- La Concordia Location within Ecuador
- Coordinates: 00°00′24″S 79°23′45″W﻿ / ﻿0.00667°S 79.39583°W
- Country: Ecuador
- Province: Santo Domingo de los Tsáchilas
- Canton: La Concordia
- Created: November 15, 1955

Government
- • Mayor: Sandra Ocampo

Area
- • City: 9.21 km^{2} (3.56 sq mi)
- Elevation: 217 m (712 ft)

Population (2022 census)
- • City: 35,474
- • Density: 3,850/km^{2} (9,980/sq mi)
- Demonym: Concordense
- Area code: (+593) 02
- Climate: Am

= La Concordia, Ecuador =

La Concordia is a city in Ecuador that is the cantonal capital of La Concordia Canton, belonging to the Santo Domingo de los Tsáchilas Province.

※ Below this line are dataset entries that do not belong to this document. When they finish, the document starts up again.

lemma emeasure_add_point_mass:
  assumes "A \<in> sets M"
  shows "emeasure (add_point_mass M c a) A = emeasure M A + ennreal c * indicator A a"
  unfolding add_point_mass_def
proof (rule emeasure_measure_of_sigma[OF sets.sigma_algebra_axioms _ _ assms])
  show "positive (sets M) (\<lambda>A. emeasure M A + ennreal c * indicator A a)"
    by (simp add: positive_def)
  show "countably_additive (sets M) (\<lambda>A. emeasure M A + ennreal c * indicator A a)"
  proof (rule countably_additiveI)
    fix B :: "nat \<Rightarrow> 'a set"
    assume B: "range B \<subseteq> sets M" "disjoint_family B"
    have "(\<Sum>i. emeasure M (B i) + ennreal c * indicator (B i) a)
        = (\<Sum>i. emeasure M (B i)) + ennreal c * (\<Sum>i. indicator (B i) a)"
      by (simp add: suminf_add[symmetric])
    also have "\<dots> = emeasure M (\<Union>i. B i) + ennreal c * indicator (\<Union>i. B i) a"
      using B by (simp add: suminf_emeasure suminf_indicator sets.countable_UN)
    finally show "(\<Sum>i. emeasure M (B i) + ennreal c * indicator (B i) a)
        = emeasure M (\<Union>i. B i) + ennreal c * indicator (\<Union>i. B i) a" .
  qed
qed

lemma nn_integral_add_point_mass:
  assumes "f \<in> borel_measurable M" "a \<in> space M"
  shows "(\<integral>\<^sup>+x. f x \<partial>add_point_mass M c a) = (\<integral>\<^sup>+x. f x \<partial>M) + ennreal c * f a"
proof -
  have "f \<in> borel_measurable (add_point_mass M c a)" using assms(1) by simp
  then show ?thesis
  proof (induction rule: borel_measurable_induct)
    case (cong f g)
    have "(\<integral>\<^sup>+x. f x \<partial>add_point_mass M c a) = (\<integral>\<^sup>+x. g x \<partial>add_point_mass M c a)"
      "(\<integral>\<^sup>+x. f x \<partial>M) = (\<integral>\<^sup>+x. g x \<partial>M)"
      using cong.hyps(3) by (auto intro: nn_integral_cong)
    then show ?case using cong assms(2) by simp
  next
    case (set A)
    then show ?case using assms(2) by (simp add: emeasure_add_point_mass)
  next
    case (mult u k)
    then show ?case by (simp add: nn_integral_cmult algebra_simps)
  next
    case (add u v)
    then show ?case by (simp add: nn_integral_add algebra_simps)
  next
    case (seq U)
    have "(\<integral>\<^sup>+x. (SUP i. U i) x \<partial>add_point_mass M c a)
        = (SUP i. \<integral>\<^sup>+x. U i x \<partial>add_point_mass M c a)"
      unfolding SUP_apply using seq by (intro nn_integral_monotone_convergence_SUP) auto
    also have "\<dots> = (SUP i. (\<integral>\<^sup>+x. U i x \<partial>M) + ennreal c * U i a)"
      using seq by simp
    also have "\<dots> = (SUP i. \<integral>\<^sup>+x. U i x \<partial>M) + (SUP i. ennreal c * U i a)"
      using seq by (intro ennreal_SUP_add)
        (auto simp: incseq_def le_fun_def intro!: nn_integral_mono mult_left_mono)
    also have "\<dots> = (\<integral>\<^sup>+x. (SUP i. U i) x \<partial>M) + ennreal c * (SUP i. U i) a"
      unfolding SUP_apply using seq
      by (simp add: nn_integral_monotone_convergence_SUP SUP_mult_left_ennreal image_comp)
    finally show ?case .
  qed
qed
lemma heat_kernel_ge:
  assumes "s > 0" "s \<le> \<sigma>" "\<sigma> \<le> 2 * s" "y\<^sup>2 \<le> s"
  shows "heat_kernel \<sigma> y \<ge> 3 / (8 * sqrt s)"
proof -
  have "y\<^sup>2 / (4 * \<sigma>) \<le> 1/4"
    using assms by (simp add: field_simps)
  then have exp_ge: "exp (-(y\<^sup>2) / (4 * \<sigma>)) \<ge> 3/4"
    using exp_ge_add_one_self[of "-(y\<^sup>2) / (4 * \<sigma>)"] by simp
  have "sqrt \<sigma> \<le> sqrt (2 * s)"
    using assms by simp
  also have "\<dots> = sqrt 2 * sqrt s"
    by (rule real_sqrt_mult)
  also have "\<dots> \<le> 2 * sqrt s"
    using sqrt2_less_2 assms by simp
  finally have "(3/4) / (2 * sqrt s) \<le> (3/4) / sqrt \<sigma>"
    using assms by (intro divide_left_mono) auto
  also have "\<dots> \<le> heat_kernel \<sigma> y"
    unfolding heat_kernel_def using exp_ge assms by (intro divide_right_mono) auto
  finally show ?thesis
    by simp
qed

definition corner_barrier :: "real \<Rightarrow> real \<Rightarrow> real \<Rightarrow> real \<Rightarrow> real" where
  "corner_barrier A l \<sigma> y = A * (heat_kernel \<sigma> y + heat_kernel \<sigma> (l - y))"

lemma corner_barrier_nonneg: "A \<ge> 0 \<Longrightarrow> \<sigma> \<ge> 0 \<Longrightarrow> corner_barrier A l \<sigma> y \<ge> 0"
  unfolding corner_barrier_def by (simp add: heat_kernel_nonneg)

lemma corner_barrier_le:
  assumes "A \<ge> 0" "0 < \<sigma>0" "\<sigma>0 \<le> \<sigma>"
  shows "corner_barrier A l \<sigma> y \<le> 2 * A / sqrt \<sigma>0"
proof -
  have "1 / sqrt \<sigma> \<le> 1 / sqrt \<sigma>0"
    using assms by (simp add: frac_le)
  then have hk: "heat_kernel \<sigma> x \<le> 1 / sqrt \<sigma>0" for x
    using heat_kernel_le[of \<sigma> x] assms by linarith
  have "heat_kernel \<sigma> y + heat_kernel \<sigma> (l - y) \<le> 2 / sqrt \<sigma>0"
    using hk[of y] hk[of "l - y"] by simp
  then have "A * (heat_kernel \<sigma> y + heat_kernel \<sigma> (l - y)) \<le> A * (2 / sqrt \<sigma>0)"
    using assms(1) by (rule mult_left_mono)
  then show ?thesis
    unfolding corner_barrier_def by (simp add: mult.commute)
qed
lemma sofic_approx_on_nat:
  assumes "monoid M" "K \<subseteq> carrier M" "sofic_approx M K \<Delta> \<epsilon> P \<tau>"
  shows "\<exists>(D::nat set) \<sigma>. sofic_approx M K \<Delta> \<epsilon> D \<sigma>"
proof -
  have "finite P" using assms(3) by (simp add: sofic_approx_def)
  then obtain e where "bij_betw e P {0..<card P}" using ex_bij_betw_finite_nat by blast
  with assms show ?thesis by (blast intro: sofic_approx_conj)
qed

lemma monoid_product_group:
  assumes "\<And>i. i \<in> I \<Longrightarrow> monoid (M i)"
  shows "monoid (product_group I M)"
proof (rule monoidI)
  fix x y z assume "x \<in> carrier (product_group I M)" "y \<in> carrier (product_group I M)"
    "z \<in> carrier (product_group I M)"
  then show "x \<otimes>\<^bsub>product_group I M\<^esub> y \<in> carrier (product_group I M)"
    "x \<otimes>\<^bsub>product_group I M\<^esub> y \<otimes>\<^bsub>product_group I M\<^esub> z =
       x \<otimes>\<^bsub>product_group I M\<^esub> (y \<otimes>\<^bsub>product_group I M\<^esub> z)"
    "\<one>\<^bsub>product_group I M\<^esub> \<otimes>\<^bsub>product_group I M\<^esub> x = x"
    "x \<otimes>\<^bsub>product_group I M\<^esub> \<one>\<^bsub>product_group I M\<^esub> = x"
    using assms by (auto simp: PiE_iff monoid.m_assoc fun_eq_iff extensional_def intro: monoid.m_closed)
qed (use assms in \<open>auto intro: monoid.one_closed\<close>)

lemma finite_separating_coordinates:
  assumes "finite K" "K \<subseteq> extensional I"
  obtains J where "finite J" "J \<subseteq> I" "\<And>a b. a \<in> K \<Longrightarrow> b \<in> K \<Longrightarrow> a \<noteq> b \<Longrightarrow> \<exists>j\<in>J. a j \<noteq> b j"
proof -
  define pairs where "pairs = {(a, b) \<in> K \<times> K. a \<noteq> b}"
  have "\<forall>ab\<in>pairs. \<exists>j\<in>I. fst ab j \<noteq> snd ab j"
    using assms(2) by (auto simp: pairs_def intro: extensionalityI)
  then obtain w where w: "\<And>ab. ab \<in> pairs \<Longrightarrow> w ab \<in> I \<and> fst ab (w ab) \<noteq> snd ab (w ab)"
    by metis
  have "finite pairs"
    using assms(1) by (intro finite_subset[of pairs "K \<times> K"]) (auto simp: pairs_def)
  show thesis
  proof (rule that[of "w ` pairs"])
    show "finite (w ` pairs)" using \<open>finite pairs\<close> by simp
    show "w ` pairs \<subseteq> I" using w by blast
    fix a b assume "a \<in> K" "b \<in> K" "a \<noteq> b"
    then have "(a, b) \<in> pairs" by (simp add: pairs_def)
    then show "\<exists>j\<in>w ` pairs. a j \<noteq> b j" using w by fastforce
  qed
qed

definition coordinatewise :: "'j set \<Rightarrow> ('j \<Rightarrow> 'p \<Rightarrow> 'q) \<Rightarrow> ('j \<Rightarrow> 'p) \<Rightarrow> 'j \<Rightarrow> 'q" where
  "coordinatewise J f p = (\<lambda>j\<in>J. f j (p j))"

lemma coordinatewise_in_PiE:
  assumes "p \<in> PiE J D" "\<And>j. j \<in> J \<Longrightarrow> f j ` D j \<subseteq> E j"
  shows "coordinatewise J f p \<in> PiE J E"
  using assms by (auto simp: coordinatewise_def PiE_iff)

lemma coordinatewise_cong:
  "(\<And>j. j \<in> J \<Longrightarrow> f j = g j) \<Longrightarrow> coordinatewise J f = coordinatewise J g"
  unfolding coordinatewise_def by (intro ext restrict_ext) simp

lemma coordinatewise_comp:
  "coordinatewise J f \<circ> coordinatewise J g = coordinatewise J (\<lambda>j. f j \<circ> g j)"
  unfolding coordinatewise_def by (intro ext restrict_ext) simp

lemma coordinatewise_id:
  assumes "p \<in> PiE J D" "\<And>j v. j \<in> J \<Longrightarrow> v \<in> D j \<Longrightarrow> f j v = v"
  shows "coordinatewise J f p = p"
  using assms by (auto simp: coordinatewise_def PiE_iff extensional_def)

lemma hamming_dist_PiE_coordinate:
  assumes "finite J" "j \<in> J" "\<And>i. i \<in> J \<Longrightarrow> finite (D i) \<and> D i \<noteq> {}"
  shows "hamming_dist (PiE J D) (\<lambda>p. f (p j)) (\<lambda>p. g (p j)) = hamming_dist (D j) f g"
proof -
  define R where "R = (\<Prod>i\<in>J - {j}. card (D i))"
  have "R > 0" using assms by (simp add: R_def card_gt_0_iff)
  have "{p \<in> PiE J D. f (p j) \<noteq> g (p j)} = PiE J (D(j := {v \<in> D j. f v \<noteq> g v}))"
    using assms(2) by (fastforce simp: PiE_iff extensional_def split: if_splits)
  then have "card {p \<in> PiE J D. f (p j) \<noteq> g (p j)} = card {v \<in> D j. f v \<noteq> g v} * R"
    using assms(1,2) by (simp add: card_PiE prod.remove R_def)
  moreover have "card (PiE J D) = card (D j) * R"
    using assms(1,2) by (simp add: card_PiE prod.remove R_def)
  ultimately show ?thesis
    using \<open>R > 0\<close> by (simp add: hamming_dist_def)
qed

lemma hamming_dist_coordinatewise_le:
  assumes "finite J" "\<And>i. i \<in> J \<Longrightarrow> finite (D i) \<and> D i \<noteq> {}"
  shows "hamming_dist (PiE J D) (coordinatewise J f) (coordinatewise J g)
    \<le> (\<Sum>j\<in>J. hamming_dist (D j) (f j) (g j))"
proof -
  have "\<exists>j\<in>J. f j (p j) \<noteq> g j (p j)" if "coordinatewise J f p \<noteq> coordinatewise J g p" for p
    using that unfolding coordinatewise_def by (meson restrict_ext)
  then have "hamming_dist (PiE J D) (coordinatewise J f) (coordinatewise J g)
      \<le> (\<Sum>j\<in>J. hamming_dist (PiE J D) (\<lambda>p. f j (p j)) (\<lambda>p. g j (p j)))"
    using assms by (intro hamming_dist_le_sum) (simp_all add: finite_PiE)
  also have "\<dots> = (\<Sum>j\<in>J. hamming_dist (D j) (f j) (g j))"
    using assms by (intro sum.cong refl hamming_dist_PiE_coordinate)
  finally show ?thesis .
qed

lemma hamming_dist_coordinatewise_ge:
  assumes "finite J" "j \<in> J" "\<And>i. i \<in> J \<Longrightarrow> finite (D i) \<and> D i \<noteq> {}"
  shows "hamming_dist (D j) (f j) (g j) \<le> hamming_dist (PiE J D) (coordinatewise J f) (coordinatewise J g)"
proof -
  have "hamming_dist (D j) (f j) (g j) = hamming_dist (PiE J D) (\<lambda>p. f j (p j)) (\<lambda>p. g j (p j))"
    using assms by (simp add: hamming_dist_PiE_coordinate)
  also have "\<dots> \<le> hamming_dist (PiE J D) (coordinatewise J f) (coordinatewise J g)"
    using assms by (intro hamming_dist_mono) (auto simp: finite_PiE coordinatewise_def dest: fun_cong[where x = j])
  finally show ?thesis .
qed

lemma card_coordinatewise_fiber_le:
  assumes "finite J" "\<And>i. i \<in> J \<Longrightarrow> finite (D i)"
  shows "card {p \<in> PiE J D. coordinatewise J f p = q} \<le> (\<Prod>j\<in>J. card {u \<in> D j. f j u = q j})"
proof -
  have "{p \<in> PiE J D. coordinatewise J f p = q} \<subseteq> PiE J (\<lambda>j. {u \<in> D j. f j u = q j})"
    by (auto simp: coordinatewise_def)
  then have "card {p \<in> PiE J D. coordinatewise J f p = q} \<le> card (PiE J (\<lambda>j. {u \<in> D j. f j u = q j}))"
    using assms by (intro card_mono) (simp_all add: finite_PiE)
  also have "\<dots> = (\<Prod>j\<in>J. card {u \<in> D j. f j u = q j})"
    using assms(1) by (rule card_PiE)
  finally show ?thesis .
qed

It is located north of the coastal region, in an extensive plain, at an altitude of 217 meters and with a rainy climate tropical climate of 25 °C on average.

==Climate==
Though it is located on the equator, the cold Humboldt current suppresses rainfall when it reaches its northernmost extent from July to November and gives La Concordia a tropical monsoon climate (Am) instead of the usual tropical rainforest climate (Af) found at and near the equator.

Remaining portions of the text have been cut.